What is being asked
When the word "equi" appears in a line of the data below, list that line.

▼

(* In the online volunteer notification problem, under the index-based priority scheme and the sparse notification (SN) policy, for every volunteer $v\in[V]$, the expected number of tasks completed by $v$ is at least $J_{v,1}$.
   Context: Online volunteer notification problem. An instance consists of volunteers $[V]$, task types $[S]$, horizon $T$, arrival probabilities $\lambda_{s,t}\ge0$ with $\sum_{s=1}^S\lambda_{s,t}\le1$ (and $\lambda_{0,t}=1-\sum_s\lambda_{s,t}$), match probabilities $p_{v,s}\in[0,1]$, and a probability mass function $g$ on the positive integers with CDF $G(\tau)=\sum_{i\le\tau}g(i)$, $G(0)=0$. In each period $t$ at most one task arrives, of type $s$ with probability $\lambda_{s,t}$, independently across periods. All volunteers start active. Upon an arrival, the platform notifies a subset of volunteers; each notified active volunteer $v$ responds positively independently with probability $p_{v,s}$. A volunteer active and notified at time $t$ becomes inactive (regardless of response) and becomes active again at $t+Z$, $Z\sim g$ independent; inactive volunteers ignore notifications and are unaffected by them. Index-based priority scheme: if several notified active volunteers respond positively to a task, the one with the smallest index completes it. Ex ante solution $\mathbf{x}^*$: let $\mathcal{P}$ be the set of $\mathbf{x}$ with $0\le x_{v,s,t}\le1$ and $\sum_{\tau=1}^t\sum_s\lambda_{s,\tau}x_{v,s,\tau}(1-G(t-\tau))\le1$ for all $v,t$; $f(\mathbf{x})=\sum_{t,s}\lambda_{s,t}(1-\prod_v(1-x_{v,s,t}p_{v,s}))$; $\mathbf{x}^*_{LP}$ maximizes $\sum_{t,s}\lambda_{s,t}\min\{\sum_vx_{v,s,t}p_{v,s},1\}$ over $\mathcal{P}$; $\mathbf{x}^*_{AA}$ is the output of: $\mathbf{x}^0=\mathbf{0}$, for $i=1..m$ ($m\in\mathbb{N}$) $\mathbf{y}^i\in\arg\max_{\mathbf{x}\in\mathcal{P}}\langle\mathbf{x},\nabla f(\mathbf{x}^{i-1})\rangle$, $\mathbf{x}^i=\mathbf{x}^{i-1}+\mathbf{y}^i/m$, output $\mathbf{x}^m$; $\mathbf{x}^*_{SQ}$ is built for $v=1..V$ in order with $(x^{SQ}_{v,s,t})_{s,t}$ optimal for $\max\sum_{t,s}\lambda_{s,t}\prod_{u<v}(1-p_{u,s}x^{SQ}_{u,s,t})p_{v,s}x_{v,s,t}$ s.t. $0\le x_{v,s,t}\le1$ and $\sum_{\tau\le t}\sum_s\lambda_{s,\tau}x_{v,s,\tau}(1-G(t-\tau))\le1$ for all $t$; $\mathbf{x}^*\in\arg\max_{\mathbf{x}\in\{\mathbf{x}^*_{LP},\mathbf{x}^*_{AA},\mathbf{x}^*_{SQ}\}}f(\mathbf{x})$. SN policy: offline, for $v=1,\dots,V$ in order: $r_{v,s,t}=p_{v,s}\prod_{u=1}^{v-1}(1-\tilde x_{u,s,t}p_{u,s})$; $J_{v,T+1}=0$; for $t=T$ down to $1$: $\tilde x_{v,s,t}=x^*_{v,s,t}\mathbb{I}\{r_{v,s,t}+\sum_{\tau=t+1}^Tg(\tau-t)J_{v,\tau}\ge J_{v,t+1}\}$ for $s\in[S]$ (with $\tilde x_{v,0,t}=r_{v,0,t}=0$), and $J_{v,t}=\sum_{s=0}^S\lambda_{s,t}\big((1-\tilde x_{v,s,t})J_{v,t+1}+\tilde x_{v,s,t}(r_{v,s,t}+\sum_{\tau=t+1}^Tg(\tau-t)J_{v,\tau})\big)$. Online: when a task of type $s$ arrives at time $t$, each volunteer $v$ is notified independently with probability $\tilde x_{v,s,t}$. *)

theory Defs
  imports "HOL-Probability.Probability"
begin
(* For every integer $n\ge 10$ and every integer $m$ with $3n-11\le m\le \left\lfloor \frac{n-1}{2} \right\rfloor \left\lceil \frac{n-1}{2} \right\rceil +2$, there exists a non-bipartite $K_4^-$-saturated graph with $n$ vertices and $m$ edges.
   Context: All graphs are finite and simple. $K_4^-$ denotes the graph obtained from the complete graph $K_4$ by deleting one edge. For a graph $H$, a graph $G$ is $H$-saturated if $G$ contains no copy of $H$ as a subgraph, but for every pair of nonadjacent vertices $u,v$ of $G$, the graph $G+uv$ contains at least one copy of $H$. This is part (b) of the theorem. *)

theory Defs
  imports Main
begin

definition simple_graph :: "'a set \<Rightarrow> 'a set set \<Rightarrow> bool" where
  "simple_graph V E \<longleftrightarrow> finite V \<and>
     (\<forall>e\<in>E. \<exists>u v. u \<in> V \<and> v \<in> V \<and> u \<noteq> v \<and> e = {u, v})"

definition contains_K4_minus :: "'a set \<Rightarrow> 'a set set \<Rightarrow> bool" where
  "contains_K4_minus V E \<longleftrightarrow>
     (\<exists>a b c d. a \<in> V \<and> b \<in> V \<and> c \<in> V \<and> d \<in> V \<and> distinct [a, b, c, d] \<and>
        {a, b} \<in> E \<and> {a, c} \<in> E \<and> {a, d} \<in> E \<and> {b, c} \<in> E \<and> {b, d} \<in> E)"

definition K4_minus_saturated :: "'a set \<Rightarrow> 'a set set \<Rightarrow> bool" where
  "K4_minus_saturated V E \<longleftrightarrow> \<not> contains_K4_minus V E \<and>
     (\<forall>u\<in>V. \<forall>v\<in>V. u \<noteq> v \<and> {u, v} \<notin> E \<longrightarrow> contains_K4_minus V (insert {u, v} E))"

definition bipartite :: "'a set \<Rightarrow> 'a set set \<Rightarrow> bool" where
  "bipartite V E \<longleftrightarrow> (\<exists>A B. A \<inter> B = {} \<and> A \<union> B = V \<and>
     (\<forall>e\<in>E. card (e \<inter> A) = 1 \<and> card (e \<inter> B) = 1))"

end

theory Submission
  imports Defs
begin

(* The graph is a blow-up of an 8-vertex pattern: vertex 0 is joined to 1, 2 and to p+1..p+a; the
   block 3..p is joined to every vertex from p+1 on; vertex 1 is joined to p+1 and to the block
   p+a+1..n-1, and vertex 2 to p+2 and to that same block. Its only triangles, 0,1,p+1 and 0,2,p+2,
   share no edge, so there is no K4^-, and they make the graph non-bipartite. That adding any
   non-edge creates a K4^- is a finite check on the pattern. The graph has p(n-1-p)+4-a edges, and
   for 4 <= p <= (n-1)/2 and 2 <= a <= n-1-p these counts fill the interval of the theorem. *)

lemma simple_graph_edgeD:
  assumes "simple_graph V E" "{x, y} \<in> E"
  shows "x \<in> V" "y \<in> V" "x \<noteq> y"
  using assms unfolding simple_graph_def by (fastforce simp: doubleton_eq_iff)+

lemma contains_K4_minus_insert_common_neighbours:
  assumes "simple_graph V E" "u \<noteq> v" "c \<noteq> d"
    and "{u, c} \<in> E" "{u, d} \<in> E" "{v, c} \<in> E" "{v, d} \<in> E"
  shows "contains_K4_minus V (insert {u, v} E)"
  unfolding contains_K4_minus_def using assms simple_graph_edgeD[OF assms(1)]
  by (intro exI[of _ u] exI[of _ v] exI[of _ c] exI[of _ d]) auto

lemma contains_K4_minus_insert_triangle_neighbour:
  assumes "simple_graph V E" "u \<noteq> v" "v \<noteq> t"
    and "{u, w} \<in> E" "{u, t} \<in> E" "{w, t} \<in> E" "{w, v} \<in> E"
  shows "contains_K4_minus V (insert {u, v} E)"
  unfolding contains_K4_minus_def using assms simple_graph_edgeD[OF assms(1)]
  by (intro exI[of _ u] exI[of _ w] exI[of _ v] exI[of _ t]) (auto simp: insert_commute)

lemma triangle_not_bipartite:
  assumes "simple_graph V E" "{x, y} \<in> E" "{y, z} \<in> E" "{x, z} \<in> E"
  shows "\<not> bipartite V E"
proof
  assume "bipartite V E"
  then obtain A where A: "\<forall>e\<in>E. card (e \<inter> A) = 1" unfolding bipartite_def by blast
  have separates: "x \<in> A \<longleftrightarrow> y \<notin> A" if "{x, y} \<in> E" for x y
    using A[rule_format, OF that] simple_graph_edgeD[OF assms(1) that]
    by (cases "x \<in> A"; cases "y \<in> A") auto
  show False using separates[OF assms(2)] separates[OF assms(3)] separates[OF assms(4)] by blast
qed
text \<open>Every \<open>1\<close> was written because a \<open>0\<close> in its place would have repeated an earlier window.\<close>
definition martin_greedy :: "nat \<Rightarrow> bool list \<Rightarrow> bool" where
  "martin_greedy m x \<longleftrightarrow> (\<forall>i. m - 1 \<le> i \<and> i < length x \<and> x ! i \<longrightarrow>
      (\<exists>q. q + m \<le> i \<and> take m (drop q x) = take (m - 1) (drop (i - (m - 1)) x) @ [False]))"

definition martin_inv :: "nat \<Rightarrow> bool list \<Rightarrow> bool" where
  "martin_inv m x \<longleftrightarrow>
     (\<exists>y. x = replicate (m - 1) True @ y) \<and> distinct (subwords m x) \<and> martin_greedy m x"

lemma martin_step_cases:
  "martin_step m x = x \<or>
   (martin_step m x = x @ [False] \<and> distinct (subwords m (x @ [False]))) \<or>
   (martin_step m x = x @ [True] \<and> distinct (subwords m (x @ [True])) \<and>
      \<not> distinct (subwords m (x @ [False])))"
  unfolding martin_step_def by auto

lemma martin_inv_length: "martin_inv m x \<Longrightarrow> m - 1 \<le> length x"
  unfolding martin_inv_def by auto
(* There is a function $C(t,\epsilon)$ such that the following holds for every positive integer $t$ and every $\epsilon\in(0,1)$: let $G$ be a connected balanced bipartite graph with parts $X,Y$ each of order $n$, with $\delta(G)\geq C(t,\epsilon)$ and with no induced $S_{t,t}$. Then \[|U_X(\epsilon)|,\ |U_Y(\epsilon)|\leq \frac{C(t,\epsilon)}{\delta(G)}\,n.\]
   Context: For positive integers $a,b$, the biclaw $S_{a,b}$ is the graph with vertex set $\{x,x_1,\dots,x_a,y,y_1,\dots,y_b\}$ and edges $xy$, $xy_1,\dots,xy_b$, $yx_1,\dots,yx_a$; "no induced $S_{t,t}$" means no induced subgraph isomorphic to $S_{t,t}$. For a bipartite graph with parts $X,Y$, $\Delta_X=\max_{x\in X} d(x)$, $\Delta_Y=\max_{y\in Y}d(y)$, and for $\epsilon\in(0,1)$, $U_X(\epsilon)=\{x\in X: d(x)\leq (1-\epsilon)\Delta_X\}$, $U_Y(\epsilon)=\{y\in Y: d(y)\leq(1-\epsilon)\Delta_Y\}$. $\delta(G)$ is the minimum degree. *)

theory Defs
  imports Complex_Main
begin

definition graph :: "'a set \<Rightarrow> ('a \<Rightarrow> 'a \<Rightarrow> bool) \<Rightarrow> bool" where
  "graph V E \<longleftrightarrow> finite V \<and> (\<forall>u v. E u v \<longrightarrow> u \<in> V \<and> v \<in> V)
     \<and> (\<forall>u v. E u v \<longrightarrow> E v u) \<and> (\<forall>v. \<not> E v v)"

definition degree :: "'a set \<Rightarrow> ('a \<Rightarrow> 'a \<Rightarrow> bool) \<Rightarrow> 'a \<Rightarrow> nat" where
  "degree V E v = card {u \<in> V. E v u}"

definition min_degree :: "'a set \<Rightarrow> ('a \<Rightarrow> 'a \<Rightarrow> bool) \<Rightarrow> nat" where
  "min_degree V E = Min (degree V E ` V)"

definition max_degree_on :: "'a set \<Rightarrow> ('a \<Rightarrow> 'a \<Rightarrow> bool) \<Rightarrow> 'a set \<Rightarrow> nat" where
  "max_degree_on V E X = Max (degree V E ` X)"

definition connected_graph :: "'a set \<Rightarrow> ('a \<Rightarrow> 'a \<Rightarrow> bool) \<Rightarrow> bool" where
  "connected_graph V E \<longleftrightarrow> V \<noteq> {} \<and>
     (\<forall>u\<in>V. \<forall>v\<in>V. (u, v) \<in> (rtrancl {(a, b). E a b}))"
lemma te_lace_minor2:
  assumes lace: "te_lace A" and rows: "dim_row A = 2" and cd: "c < dim_col A" "d < dim_col A"
  shows "minor2 A 0 1 c d \<in> {-2, 0, 2}"
proof -
  have zp: "zero_pm1 A" and indep: "rows_lin_indep A" and equi: "tot_equimod A"
    and not_tu: "\<not> tot_unimod A"
    using lace unfolding te_lace_def te_set_def tu_set_def by blast+
  have all_rows: "{..<dim_row A} = {0,1}" using rows by auto
  have same_abs: "\<bar>minor2 A 0 1 x y\<bar> = \<bar>minor2 A 0 1 x' y'\<bar>"
    if xy: "x < y" "y < dim_col A" "x' < y'" "y' < dim_col A"
      and nonzero: "minor2 A 0 1 x y \<noteq> 0" "minor2 A 0 1 x' y' \<noteq> 0" for x y x' y'
  proof -
    have "rows_lin_indep (row_sub A {0,1})" using indep row_sub_all_rows[of A] all_rows by simp
    then have "\<forall>C1 C2. C1 \<subseteq> {..<dim_col A} \<longrightarrow> C2 \<subseteq> {..<dim_col A} \<longrightarrow>
        card C1 = card {0::nat,1} \<longrightarrow> card C2 = card {0::nat,1} \<longrightarrow>
        det (submatrix A {0,1} C1) \<noteq> 0 \<longrightarrow> det (submatrix A {0,1} C2) \<noteq> 0 \<longrightarrow>
        \<bar>det (submatrix A {0,1} C1)\<bar> = \<bar>det (submatrix A {0,1} C2)\<bar>"
      using equi all_rows unfolding tot_equimod_def by blast
    moreover have "{x,y} \<subseteq> {..<dim_col A}" "{x',y'} \<subseteq> {..<dim_col A}"
      "card {x,y} = card {0::nat,1}" "card {x',y'} = card {0::nat,1}" using xy by auto
    ultimately have "det (submatrix A {0,1} {x,y}) \<noteq> 0 \<Longrightarrow> det (submatrix A {0,1} {x',y'}) \<noteq> 0 \<Longrightarrow>
        \<bar>det (submatrix A {0,1} {x,y})\<bar> = \<bar>det (submatrix A {0,1} {x',y'})\<bar>"
      by blast
    moreover have "det (submatrix A {0,1} {x,y}) = minor2 A 0 1 x y"
      "det (submatrix A {0,1} {x',y'}) = minor2 A 0 1 x' y'"
      using det_submatrix_doubletons[of 0 1 A] rows xy by simp_all
    ultimately show ?thesis using nonzero by simp
  qed
  obtain c0 d0 where c0d0: "c0 < d0" "d0 < dim_col A" "\<bar>minor2 A 0 1 c0 d0\<bar> = 2"
  proof -
    have "\<not> pm1_minors2 A" using not_tu tot_unimod_if_pm1_minors2[of A] rows by auto
    then obtain a b x y where ab: "a < 2" "b < 2" and xy: "x < dim_col A" "y < dim_col A"
      and bad: "minor2 A a b x y \<notin> {-1, 0, 1}"
      using zp rows unfolding pm1_minors2_def by auto
    have ne: "a \<noteq> b" "x \<noteq> y" using bad minor2_same_rows minor2_same_cols by auto
    moreover have "minor2 A a b x y \<in> {-2,-1,0,1,2}"
      using zp ab xy rows unfolding zero_pm1_def minor2_def by (intro pm1_minor_values) auto
    ultimately have "\<bar>minor2 A a b x y\<bar> = 2" using bad by auto
    then have "\<bar>minor2 A 0 1 (min x y) (max x y)\<bar> = 2"
      unfolding abs_minor2_normalize[OF ab ne] .
    then show thesis using that[of "min x y" "max x y"] xy \<open>x \<noteq> y\<close> by (simp add: max_def)
  qed
  show ?thesis
  proof (cases "minor2 A 0 1 c d = 0")
    case False
    then have "c \<noteq> d" using minor2_same_cols by auto
    have normal: "\<bar>minor2 A 0 1 c d\<bar> = \<bar>minor2 A 0 1 (min c d) (max c d)\<bar>"
      by (rule abs_minor2_normalize) (simp_all add: \<open>c \<noteq> d\<close>)
    also have "\<dots> = \<bar>minor2 A 0 1 c0 d0\<bar>"
    proof (rule same_abs)
      show "minor2 A 0 1 (min c d) (max c d) \<noteq> 0" using False normal by auto
    qed (use c0d0 \<open>c \<noteq> d\<close> cd in \<open>auto simp: min_def max_def\<close>)
    finally show ?thesis using c0d0(3) by auto
  qed simp
qed

lemma te_interlace_minor2:
  assumes interlace: "te_interlace A" and "a < dim_row A" "b < dim_row A" "a \<noteq> b"
    and cd: "c < dim_col A" "d < dim_col A"
  shows "minor2 A a b c d \<in> {-2, 0, 2}"
proof -
  have ordered: "minor2 A x y c d \<in> {-2, 0, 2}" if xy: "x < y" "y < dim_row A" for x y
  proof -
    have "te_lace (row_sub A {x,y})" using interlace xy unfolding te_interlace_def by auto
    then have "minor2 (row_sub A {x,y}) 0 1 c d \<in> {-2, 0, 2}"
      using te_lace_minor2 row_sub_doubleton(1)[OF xy] cd by (simp add: row_sub_dims)
    then show ?thesis using row_sub_doubleton[OF xy] cd unfolding minor2_def by simp
  qed
  show ?thesis
  proof (cases "a < b")
    case False
    then have "minor2 A b a c d \<in> {-2, 0, 2}" using ordered assms(2,4) by simp
    then show ?thesis using minor2_swap_rows[of A b a c d] by auto
  qed (use ordered assms(3) in simp)
qed

lemma dim_trim:
  assumes "i < dim_row A" "j < dim_col A"
  shows "dim_row (trim A i j) = dim_row A - 1" "dim_col (trim A i j) = dim_col A - 1"
proof -
  have "{a. a < n \<and> a \<in> - {x}} = {..<n} - {x}" for n x :: nat by auto
  then show "dim_row (trim A i j) = dim_row A - 1" "dim_col (trim A i j) = dim_col A - 1"
    unfolding trim_def dim_submatrix pivot_op_def using assms by simp_all
qed
(* Let $a\in\mathbf F^{\uparrow}$ with $\mathrm{supp}(a)=(0,r)$, let $\alpha_0\in(0,r)\cap A$, $\alpha_k=(\alpha_0)a^k$ ($k\in\mathbb Z$), and $b\in\mathbf F^{\uparrow}$ with $\mathrm{supp}(b)=(\alpha_0,\alpha_1)$. Let $G$ be a subgroup of $\mathbf V(r,\mathbb R^*_+,\mathbb R)$ with $G\cap\mathbf F(r,\mathbb R^*_+,\mathbb R)=\mathbf F$. Then $C_G(a)=C_{\mathbf F}(a)$ and $C_G(\{a^{-k}ba^k\mid k\in\mathbb Z\})=C_{\mathbf F}(\{a^{-k}ba^k\mid k\in\mathbb Z\})$.
   Context: Maps act on the right. Fix real $r>0$, a subgroup $\Lambda\neq\{1\}$ of $\mathbb R^*_+$, and an additive subgroup $A\subseteq\mathbb R$ with $r\in A$ and $\lambda A\subseteq A$ for $\lambda\in\Lambda$ (definitions also used with $\Lambda=\mathbb R^*_+$, $A=\mathbb R$). $\mathbf V(r,\Lambda,A)$ is the group of bijections $x\colon[0,r)\to[0,r)$ that are piecewise affine with finitely many breakpoints and discontinuities, right-continuous everywhere, with all slopes in $\Lambda$ and all breakpoints, discontinuity points and their images in $A$; $\mathbf F(r,\Lambda,A)$ is the subgroup of elements continuous for the usual topology; $\mathbf F=\mathbf F(r,\Lambda,A)$. $\mathbf F^{\uparrow}=\{x\in\mathbf F\mid(\gamma)x\ge\gamma\ \forall\gamma\}$; $\mathrm{supp}(x)$ is the set of non-fixed points; $C_G(S)$ is the centralizer of $S$ in $G$. *)

theory Defs
  imports "HOL-Analysis.Analysis" "HOL-Algebra.Group"
begin

text \<open>Elements of V(r,Lambda,A) are represented as functions real => real that
  restrict to bijections of [0,r) and are the identity outside [0,r).
  Maps act on the right, so the group product x*y is "first x, then y",
  i.e. the function composition y o x.\<close>

definition std_params :: "real \<Rightarrow> real set \<Rightarrow> real set \<Rightarrow> bool" where
  "std_params r \<Lambda> A \<longleftrightarrow> r > 0
     \<and> \<Lambda> \<subseteq> {0<..} \<and> 1 \<in> \<Lambda> \<and> (\<forall>x\<in>\<Lambda>. \<forall>y\<in>\<Lambda>. x * y \<in> \<Lambda>)
     \<and> (\<forall>x\<in>\<Lambda>. inverse x \<in> \<Lambda>) \<and> \<Lambda> \<noteq> {1}
     \<and> 0 \<in> A \<and> (\<forall>x\<in>A. \<forall>y\<in>A. x + y \<in> A) \<and> (\<forall>x\<in>A. - x \<in> A)
     \<and> r \<in> A \<and> (\<forall>l\<in>\<Lambda>. \<forall>x\<in>A. l * x \<in> A)"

▲

Response area
  have zp: "zero_pm1 A" and indep: "rows_lin_indep A" and equi: "tot_equimod A"
      using equi all_rows unfolding tot_equimod_def by blast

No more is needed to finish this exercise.